Almanacs and education
The almanac's calendar section lent itself to the practice of recording engagements and daily annotations. Today, the appointment diary has taken over this role. If there is one environment that is inextricably bound up with the appointment diary (at least in the Netherlands), it's the classroom. Oddly enough, it wasn't until the beginning of the nineteenth century that such a connection came to exist between education and almanacs. But this connection quickly proved so durable, especially in the universities, that it has continued up to the present day.
Development of the students' almanacs
The first Dutch students' almanacs were published in around 1815 in Leiden, Utrecht and Groningen. They contained information about the coming academic year, provided lists of the university's professors and students, and included stories and poems for and about students. They look like the business almanacs that were being made for certain professional groups. After the students themselves took up the task of making their own almanacs, the books began flourishing. More and more students' corps produced their own almanacs. They may have been a late discovery as a distinct target group, but students emerged as the most creative almanac makers of all time. It became a golden rule, especially in the twentieth century, that each almanac had to be different from the one before it. Many a gifted writer or artist from the halls of academia saw the almanac as a place to spread his or her wings. The size of the books expanded, and apparently neither trouble nor money was spared in their production.

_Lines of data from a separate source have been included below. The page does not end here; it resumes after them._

lemma exp_minus_linear_sublevel_bounded:
  fixes m d M :: real
  assumes "0 < m" "0 < d"
  shows "\<exists>R. \<forall>s. m * exp (2 * s) - 2 * d * s \<le> M \<longrightarrow> \<bar>s\<bar> \<le> R"
proof -
  define Q where "Q = 2 * (M + 2 * d\<^sup>2 / m) / m"
  have "\<bar>s\<bar> \<le> \<bar>M\<bar> / (2 * d) + \<bar>Q\<bar>" if s: "m * exp (2 * s) - 2 * d * s \<le> M" for s
  proof -
    have "0 < m * exp (2 * s)"
      using assms(1) by simp
    then have "- s * (2 * d) \<le> \<bar>M\<bar>"
      using s abs_ge_self[of M] by (simp add: algebra_simps)
    then have "- s \<le> \<bar>M\<bar> / (2 * d)"
      using assms(2) by (simp add: pos_le_divide_eq)
    moreover have "m * exp (2 * s) / 2 \<le> M + 2 * d\<^sup>2 / m"
      using exp_minus_linear_lower_bound[OF assms(1) less_imp_le[OF assms(2)], of s] s by linarith
    then have "exp (2 * s) \<le> Q"
      unfolding Q_def using assms(1) by (simp add: field_simps)
    moreover have "1 + 2 * s \<le> exp (2 * s)" "0 < exp (2 * s)"
      by (simp_all add: exp_ge_add_one_self)
    ultimately show ?thesis
      by linarith
  qed
  then show ?thesis
    by blast
qed

lemma continuous_attains_inf_sublevel:
  fixes f :: "'a::heine_borel \<Rightarrow> real"
  assumes "closed S" "continuous_on S f" "x\<^sub>0 \<in> S" "bounded {x\<in>S. f x \<le> f x\<^sub>0}"
  obtains x where "x \<in> S" "\<And>y. y \<in> S \<Longrightarrow> f x \<le> f y"
proof -
  define K where "K = {x\<in>S. f x \<le> f x\<^sub>0}"
  have "closed K"
    unfolding K_def using continuous_on_closed_Collect_le[OF assms(2) continuous_on_const assms(1)] .
  then have "compact K"
    using assms(4) by (simp add: K_def compact_eq_bounded_closed)
  moreover have "x\<^sub>0 \<in> K" "continuous_on K f"
    using assms(3) continuous_on_subset[OF assms(2)] by (auto simp: K_def)
  ultimately obtain x where "x \<in> K" and min: "\<And>y. y \<in> K \<Longrightarrow> f x \<le> f y"
    using continuous_attains_inf[of K f] by blast
  have "f x \<le> f y" if "y \<in> S" for y
  proof (cases "f y \<le> f x\<^sub>0")
    case True
    with that min show ?thesis
      by (simp add: K_def)
  next
    case False
    with min[OF \<open>x\<^sub>0 \<in> K\<close>] show ?thesis
      by linarith
  qed
  moreover have "x \<in> S"
    using \<open>x \<in> K\<close> by (simp add: K_def)
  ultimately show ?thesis
    by (rule that[rotated])
qed

lemma dense_complement_hyperplanes:
  fixes B :: "'a::euclidean_space set"
  assumes "finite B" "0 \<notin> B"
  shows "closure {x. \<forall>b\<in>B. b \<bullet> x \<noteq> 0} = UNIV"
proof -
  have "interior (\<Union>b\<in>B. {x. b \<bullet> x = 0}) = {}"
    using assms
  proof (induction B rule: finite_induct)
    case (insert b B)
    have "closed (\<Union>b\<in>B. {x. b \<bullet> x = 0})"
      using insert.hyps(1) by (simp add: closed_UN closed_hyperplane)
    then have "interior ((\<Union>b\<in>B. {x. b \<bullet> x = 0}) \<union> {x. b \<bullet> x = 0}) = {}"
      using insert by (simp add: interior_closed_Un_empty_interior)
    then show ?case
      by (simp add: Un_commute)
  qed simp
  moreover have "{x. \<forall>b\<in>B. b \<bullet> x \<noteq> 0} = - (\<Union>b\<in>B. {x. b \<bullet> x = 0})"
    by blast
  ultimately show ?thesis
    by (metis closure_complement Compl_empty_eq)
qed

lemma continuous_attains_inf_linear_image:
  fixes L :: "'a::euclidean_space \<Rightarrow> 'b::euclidean_space" and h :: "'b \<Rightarrow> real"
  assumes "linear L" "subspace S" "continuous_on (L ` S) h" "x\<^sub>0 \<in> S"
    and "bounded {L x | x. x \<in> S \<and> h (L x) \<le> h (L x\<^sub>0)}"
  obtains x where "x \<in> S" "\<And>y. y \<in> S \<Longrightarrow> h (L x) \<le> h (L y)"
proof -
  have "subspace (L ` S)"
    using assms(1,2) by (rule linear_subspace_image)
  moreover have "{v \<in> L ` S. h v \<le> h (L x\<^sub>0)} = {L x | x. x \<in> S \<and> h (L x) \<le> h (L x\<^sub>0)}"
    by blast
  ultimately obtain v where "v \<in> L ` S" "\<And>w. w \<in> L ` S \<Longrightarrow> h v \<le> h w"
    using continuous_attains_inf_sublevel[of "L ` S" h "L x\<^sub>0"] assms(3-5) closed_subspace by auto
  with that show ?thesis
    by blast
qed

section \<open>The moment map in a common eigenbasis\<close>

locale common_eigenbasis =
  fixes a :: "(real^'n^'n) set" and B :: "(real^'n) set"
  assumes subspace_a: "subspace a"
    and orthogonal_B: "pairwise orthogonal B"
    and norm_B: "\<forall>b\<in>B. norm b = 1"
    and span_B: "span B = UNIV"
    and eigenvector_B: "\<forall>b\<in>B. \<forall>\<xi>\<in>a. \<exists>c. \<xi> *v b = c *\<^sub>R b"
begin

lemma finite_B: "finite B"
  using pairwise_orthogonal_imp_finite[OF orthogonal_B] .

lemma inner_B: "b \<in> B \<Longrightarrow> b' \<in> B \<Longrightarrow> b \<bullet> b' = (if b = b' then 1 else 0)"
  using orthogonal_B norm_B by (auto simp: pairwise_def orthogonal_def norm_eq_1)

lemma basis_expansion: "(\<Sum>b\<in>B. (b \<bullet> x) *\<^sub>R b) = x"
  using orthonormal_basis_expand[OF orthogonal_B _ _ finite_B, of x] norm_B span_B
  by (simp add: inner_commute)

lemma inner_basis_sum: "b' \<in> B \<Longrightarrow> b' \<bullet> (\<Sum>b\<in>B. f b *\<^sub>R b) = f b'"
  using finite_B by (simp add: inner_sum_right inner_B if_distrib[of "\<lambda>t. _ * t"] cong: if_cong)

lemma inner_self_eq_sum_B: "y \<bullet> y = (\<Sum>b\<in>B. (b \<bullet> y)\<^sup>2)"
proof -
  have "y \<bullet> y = (\<Sum>b\<in>B. (b \<bullet> y) *\<^sub>R b) \<bullet> y"
    by (simp add: basis_expansion)
  also have "\<dots> = (\<Sum>b\<in>B. (b \<bullet> y)\<^sup>2)"
    by (simp add: inner_sum_left power2_eq_square)
  finally show ?thesis .
qed

lemma norm_le_sum_abs_inner_B: "norm y \<le> (\<Sum>b\<in>B. \<bar>b \<bullet> y\<bar>)"
proof -
  have "norm y = norm (\<Sum>b\<in>B. (b \<bullet> y) *\<^sub>R b)"
    by (simp add: basis_expansion)
  also have "\<dots> \<le> (\<Sum>b\<in>B. norm ((b \<bullet> y) *\<^sub>R b))"
    by (rule norm_sum)
  also have "\<dots> = (\<Sum>b\<in>B. \<bar>b \<bullet> y\<bar>)"
    using norm_B by (intro sum.cong) auto
  finally show ?thesis .
qed

lemma eigenvalue_B: "b \<in> B \<Longrightarrow> \<xi> \<in> a \<Longrightarrow> \<xi> *v b = (\<xi> \<bullet> outer b) *\<^sub>R b"
  using eigenvector_B inner_B[of b b] by (fastforce simp: inner_outer)

lemma mat_pow_eq_sum_outer:
  assumes "\<xi> \<in> a"
  shows "mat_pow \<xi> k = (\<Sum>b\<in>B. (\<xi> \<bullet> outer b) ^ k *\<^sub>R outer b)"
proof (induction k)
  case 0
  show ?case
    by (simp add: matrix_eq sum_matrix_vector_mult outer_mult_vec basis_expansion)
next
  case (Suc k)
  show ?case
  proof (subst matrix_eq, intro allI)
    fix x
    have "mat_pow \<xi> (Suc k) *v x = \<xi> *v (\<Sum>b\<in>B. ((\<xi> \<bullet> outer b) ^ k * (b \<bullet> x)) *\<^sub>R b)"
      by (simp add: Suc matrix_vector_mul_assoc[symmetric] sum_matrix_vector_mult outer_mult_vec
          scaleR_matrix_vector_assoc[symmetric])
    also have "\<dots> = (\<Sum>b\<in>B. ((\<xi> \<bullet> outer b) ^ Suc k * (b \<bullet> x)) *\<^sub>R b)"
      using eigenvalue_B assms by (simp add: vec.sum matrix_vector_mult_scaleR mult_ac)
    finally show "mat_pow \<xi> (Suc k) *v x = (\<Sum>b\<in>B. (\<xi> \<bullet> outer b) ^ Suc k *\<^sub>R outer b) *v x"
      by (simp add: sum_matrix_vector_mult outer_mult_vec scaleR_matrix_vector_assoc[symmetric])
  qed
qed

lemma mexp_eq_sum_outer:
  assumes "\<xi> \<in> a"
  shows "mexp \<xi> = (\<Sum>b\<in>B. exp (\<xi> \<bullet> outer b) *\<^sub>R outer b)"
proof -
  have "(\<lambda>k. (1 / fact k) *\<^sub>R mat_pow \<xi> k) = (\<lambda>k. \<Sum>b\<in>B. ((\<xi> \<bullet> outer b) ^ k /\<^sub>R fact k) *\<^sub>R outer b)"
    by (simp add: mat_pow_eq_sum_outer[OF assms] scaleR_sum_right divide_inverse_commute)
  moreover have "(\<lambda>k. \<Sum>b\<in>B. ((\<xi> \<bullet> outer b) ^ k /\<^sub>R fact k) *\<^sub>R outer b) sums (\<Sum>b\<in>B. exp (\<xi> \<bullet> outer b) *\<^sub>R outer b)"
    by (intro sums_sum sums_scaleR_left exp_converges)
  ultimately show ?thesis
    unfolding mexp_def by (simp add: sums_iff)
qed

lemma inner_mexp_mult_vec:
  "b \<in> B \<Longrightarrow> \<xi> \<in> a \<Longrightarrow> b \<bullet> (mexp \<xi> *v x) = exp (\<xi> \<bullet> outer b) * (b \<bullet> x)"
  by (simp add: mexp_eq_sum_outer sum_matrix_vector_mult outer_mult_vec inner_basis_sum
      scaleR_matrix_vector_assoc[symmetric])

lemma inner_outer_expansion:
  assumes "\<xi> \<in> a"
  shows "\<xi> \<bullet> outer x = (\<Sum>b\<in>B. (b \<bullet> x)\<^sup>2 * (\<xi> \<bullet> outer b))"
proof -
  have "\<xi> *v x = (\<Sum>b\<in>B. ((b \<bullet> x) * (\<xi> \<bullet> outer b)) *\<^sub>R b)"
    using eigenvalue_B assms basis_expansion[of x]
    by (metis (no_types, lifting) vec.sum matrix_vector_mult_scaleR scaleR_scaleR sum.cong)
  then show ?thesis
    by (simp add: inner_outer inner_sum_left inner_sum_right inner_commute[of _ x] power2_eq_square mult_ac)
qed

definition basis_support :: "real^'n \<Rightarrow> (real^'n) set" where
  "basis_support x = {b\<in>B. b \<bullet> x \<noteq> 0}"

lemma finite_basis_support: "finite (basis_support x)"
  using finite_B by (simp add: basis_support_def)
lemma continuous_sin_sq_half_pi: "continuous_on S sin_sq_half_pi"
  unfolding sin_sq_half_pi_def by (auto intro!: continuous_intros)

lemma sin_sq_half_pi_surj:
  assumes "0 < w" "w < 1"
  obtains \<phi> where "0 < \<phi>" "\<phi> < 1" "sin_sq_half_pi \<phi> = w"
proof -
  have "sin_sq_half_pi 0 = 0" "sin_sq_half_pi 1 = 1"
    by (simp_all add: sin_sq_half_pi_def)
  then obtain \<phi> where "0 \<le> \<phi>" "\<phi> \<le> 1" "sin_sq_half_pi \<phi> = w"
    using IVT'[of sin_sq_half_pi 0 w 1] assms continuous_sin_sq_half_pi by auto
  with assms \<open>sin_sq_half_pi 0 = 0\<close> \<open>sin_sq_half_pi 1 = 1\<close> show thesis
    by (intro that) (auto simp: order.order_iff_strict)
qed

lemma logistic_le_quarter: "y * (1 - y) \<le> (1/4 :: real)"
proof -
  have "1/4 - y * (1 - y) = (y - 1/2) ^ 2"
    by (simp add: power2_eq_square algebra_simps)
  then show ?thesis
    by (metis diff_ge_0_iff_ge zero_le_power2)
qed

text \<open>The multiplier ranges over (a, 4); the theorem needs a = 3.87, the argument only a < 4.\<close>

definition logistic_step :: "real \<Rightarrow> real \<Rightarrow> real \<Rightarrow> bool" where
  "logistic_step a y w \<longleftrightarrow> (\<exists>l\<in>{a<..<4}. w = l * y * (1 - y))"
lemma nc_subst_coeff:
  assumes \<sigma>: "\<And>i. \<sigma>' i = coeff (\<sigma> i)" and P: "P \<in> augmentation_ideal"
  shows "nc_subst \<sigma>' (coeff P) = coeff (subst \<sigma> P)"
proof
  fix w
  have "nc_subst \<sigma>' (coeff P) w = (\<Sum>u\<in>Poly_Mapping.keys P. coeff P u * nc_word_subst \<sigma>' u w)"
    by (simp add: nc_subst_def keys.rep_eq)
  also have "\<dots> = (\<Sum>u\<in>Poly_Mapping.keys P. coeff P u * coeff (prod_list (map \<sigma> u)) w)"
  proof (rule sum.cong)
    fix u assume "u \<in> Poly_Mapping.keys P"
    then have "u \<noteq> []" using P by (auto simp: augmentation_ideal_def in_keys_iff)
    then show "coeff P u * nc_word_subst \<sigma>' u w = coeff P u * coeff (prod_list (map \<sigma> u)) w"
      by (simp add: nc_word_subst_coeff[OF \<sigma>])
  qed simp
  also have "\<dots> = coeff (subst \<sigma> P) w"
    by (simp add: subst_def monoid_algebra_hom.eval_def[OF monoid_algebra_hom_subst] lookup_sum)
  finally show "nc_subst \<sigma>' (coeff P) w = coeff (subst \<sigma> P) w" .
qed

lemma T_ideal_x_pow_subset_powers_span:
  assumes n: "n \<noteq> 0"
  shows "T_ideal (x_pow n :: 'a::field_char_0 ncpoly) \<subseteq> coeff ` powers_span n"
proof
  fix p :: "'a ncpoly"
  assume "p \<in> T_ideal (x_pow n)"
  then show "p \<in> coeff ` powers_span n"
  proof (induction rule: T_ideal.induct)
    case gen
    have "Poly_Mapping.single [0] (1::'a) \<in> augmentation_ideal"
      by (simp add: augmentation_ideal_def lookup_single)
    then show ?case by (simp add: x_pow_coeff power_in_powers_span)
  next
    case zero
    have "(\<lambda>_. 0 :: 'a) = coeff 0" by (simp add: fun_eq_iff)
    then show ?case using ncp.subspace_0[OF ncp_subspace_powers_span] by blast
  next
    case (add p q)
    then obtain P Q where P: "P \<in> powers_span n" "p = coeff P" and Q: "Q \<in> powers_span n" "q = coeff Q"
      by blast
    have "nc_add p q = coeff (P + Q)" using P Q by (simp add: nc_add_coeff)
    then show ?case using ncp.subspace_add[OF ncp_subspace_powers_span P(1) Q(1)] by (rule image_eqI)
  next
    case (scale p c)
    then obtain P where P: "P \<in> powers_span n" "p = coeff P"
      by blast
    have "nc_scale c p = coeff (ncp_scale c P)" using P by (simp add: nc_scale_coeff)
    then show ?case using ncp.subspace_scale[OF ncp_subspace_powers_span P(1)] by (rule image_eqI)
  next
    case (mult_left p a)
    then obtain P A where P: "P \<in> powers_span n" "p = coeff P" and A: "A \<in> augmentation_ideal" "a = coeff A"
      by (auto simp: fpoly_eq_coeff_augmentation_ideal)
    have "nc_mult a p = coeff (A * P)" using P A by (simp add: nc_mult_coeff)
    then show ?case using powers_span_mult_left[OF A(1) n P(1)] by (rule image_eqI)
  next
    case (mult_right p a)
    then obtain P A where P: "P \<in> powers_span n" "p = coeff P" and A: "A \<in> augmentation_ideal" "a = coeff A"
      by (auto simp: fpoly_eq_coeff_augmentation_ideal)
    have "nc_mult p a = coeff (P * A)" using P A by (simp add: nc_mult_coeff)
    then show ?case using powers_span_mult_right[OF A(1) n P(1)] by (rule image_eqI)
  next
    case (endo p \<sigma>')
    have "\<forall>i. \<exists>S. S \<in> augmentation_ideal \<and> \<sigma>' i = coeff S"
      using endo.hyps(2) by (auto simp: fpoly_eq_coeff_augmentation_ideal)
    then obtain \<sigma> where \<sigma>: "\<And>i. \<sigma> i \<in> augmentation_ideal" "\<And>i. \<sigma>' i = coeff (\<sigma> i)"
      by metis
    obtain P where P: "P \<in> powers_span n" "p = coeff P"
      using endo.IH by blast
    have "nc_subst \<sigma>' p = coeff (subst \<sigma> P)"
      using P powers_span_subset_augmentation_ideal[OF n] by (auto intro!: nc_subst_coeff \<sigma>(2))
    then show ?case using powers_span_subst[OF \<sigma>(1) P(1)] by (rule image_eqI)
  qed
qed

section \<open>Multilinear parts of \<open>n\<close>-th powers and Lah partitions\<close>

definition compositions :: "nat \<Rightarrow> 'b list \<Rightarrow> 'b list list set" where
  "compositions n w = {bs. length bs = n \<and> [] \<notin> set bs \<and> concat bs = w}"

lemma compositions_0: "compositions 0 w = (if w = [] then {[]} else {})"
  by (auto simp: compositions_def)

lemma compositions_Nil: "compositions (Suc n) [] = {}"
  by (auto simp: compositions_def length_Suc_conv)
(* Let $S$ be special with $D=\det S=\Omega^2\Delta$, and define $N_1,\dots,N_5$ as in the context. (i) For every $x\in\mathcal C(S)$ there exist $\ell\in\mathbb Z$ and $M\in\mathrm{SL}_3(\mathbb Z)$ whose first column is $x^t$ such that $M^tSM=S_3$, where \[ S_3=\begin{pmatrix} 0&0&N_3N_5N_4^2N_2\\ 0&-N_3N_5^3N_1&0\\ N_3N_5N_4^2N_2&0&N_4N_2\ell\end{pmatrix}. \] All entries of $S_3$ other than the $(3,3)$-entry are thus independent of $x$ and of the orbit; only $\ell$ depends on the orbit of $x$. (ii) If moreover $D$ is odd, then $\ell$ can be chosen with $0\le \ell<N$ and $\gcd(\ell,N)=1$, and with this normalization $\ell$ is uniquely determined by the $\mathbb Z$-orbit of $x$. (iii) The primitive adjugate of $S_3$ is \[ S_3^\dagger=\begin{pmatrix} -\ell N_5N_1&0&N_3N_5^2N_4N_1\\ 0&-N_3N_4^3N_2&0\\ N_3N_5^2N_4N_1&0&0\end{pmatrix}. \]
   Context: $S$ is a symmetric $3\times3$ integer matrix with $D=\det S>0$; $S(x)=xSx^t$. Primitive: gcd of entries is $1$; isotropic: $S(x)=0$ for some primitive $x\in\mathbb Z^3$. $S^*=(\det S)S^{-1}$ is the adjugate; $\Omega<0$ is defined by: $-\Omega$ is the gcd of the entries of $S^*$ (the $2\times 2$ minors of $S$); $\Delta=D/\Omega^2$ is a positive integer. $N=\gcd(\Omega,\Delta)>0$. $S$ is special if it is primitive, isotropic, $D>0$ and $N$, $|\Omega|/N$, $\Delta/N$ are square-free. Define positive integers $N_5=\gcd(N,|\Omega|/N)$, $N_4=\gcd(N,\Delta/N)$, $N_3=N/(N_4N_5)$, $N_2=|\Omega|/(NN_5)$, $N_1=\Delta/(NN_4)$; these are square-free, pairwise coprime, $\Omega=-N_5^2N_4N_3N_2$, $\Delta=N_4^2N_5N_3N_1$, $D=N_1N_2^2N_3^3N_4^4N_5^5$. $\mathcal C(S)$ is the set of primitive $x\in\mathbb Z^3$ with $S(x)=0$; $x,x'\in\mathcal C(S)$ are in the same $\mathbb Z$-orbit if $x'=xA^t$ for some $A\in\mathrm{GL}_3(\mathbb Z)$ with $A^tSA=S$. The primitive adjugate of a matrix $T$ of this type is $T^\dagger=T^*/g$ where $T^*$ is its adjugate and $g>0$ is the gcd of the entries of $T^*$ (for $T=S_3$, $g=-\Omega$). *)

theory Defs
  imports "HOL-Analysis.Analysis" "HOL-Computational_Algebra.Squarefree"
begin

type_synonym mat3 = "int^3^3"
type_synonym vec3 = "int^3"

definition qf :: "mat3 \<Rightarrow> vec3 \<Rightarrow> int" where
  "qf S x = (\<Sum>i\<in>UNIV. \<Sum>j\<in>UNIV. x$i * S$i$j * x$j)"

definition primitive_vec :: "vec3 \<Rightarrow> bool" where
  "primitive_vec x \<longleftrightarrow> Gcd (range (\<lambda>i. x$i)) = 1"

definition entries_gcd :: "mat3 \<Rightarrow> int" where
  "entries_gcd A = Gcd {A$i$j | i j. True}"

definition primitive_mat :: "mat3 \<Rightarrow> bool" where
  "primitive_mat A \<longleftrightarrow> entries_gcd A = 1"

definition isotropic :: "mat3 \<Rightarrow> bool" where
  "isotropic S \<longleftrightarrow> (\<exists>x. primitive_vec x \<and> qf S x = 0)"

text \<open>Adjugate (transpose of the cofactor matrix) of a 3x3 matrix, written with
  cyclic indices (index arithmetic in the type 3 is mod 3); it equals det(A) A^{-1}.\<close>
definition adj3 :: "mat3 \<Rightarrow> mat3" where
  "adj3 A = (\<chi> i j. A$(j+1)$(i+1) * A$(j+2)$(i+2) - A$(j+1)$(i+2) * A$(j+2)$(i+1))"

definition Omega :: "mat3 \<Rightarrow> int" where
  "Omega S = - entries_gcd (adj3 S)"

definition Delta :: "mat3 \<Rightarrow> int" where
  "Delta S = det S div (Omega S)^2"

definition NN :: "mat3 \<Rightarrow> int" where
  "NN S = gcd (Omega S) (Delta S)"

Thus student almanacs found themselves serving a function that was entirely different from that of a practical yearbook, which explains why they are still being published today, unlike so many other almanacs.
Source for research
Because the student almanac survived the nineteenth and twentieth centuries, it offers us a splendid angle for research. Naturally it is unsurpassed as a source of insight into the development of student humour. But because student almanacs have been so varied in their appearance, they also serve as a highly suitable phenomenon for following the development of book production. Each almanac had to open with a portrait of the king or queen, the rector or a professor, and those who take the trouble to study them chronologically will witness an entire evolution of illustration techniques. Typographical trends and binding methods are also easy to discover. The modern student almanac has little in common with sixteenth-century astrological almanacs, but the fact that both books bear the same name demonstrates the power of the concept of a little book that offers a colourful variety of text and tips and has to be replaced after the year is over.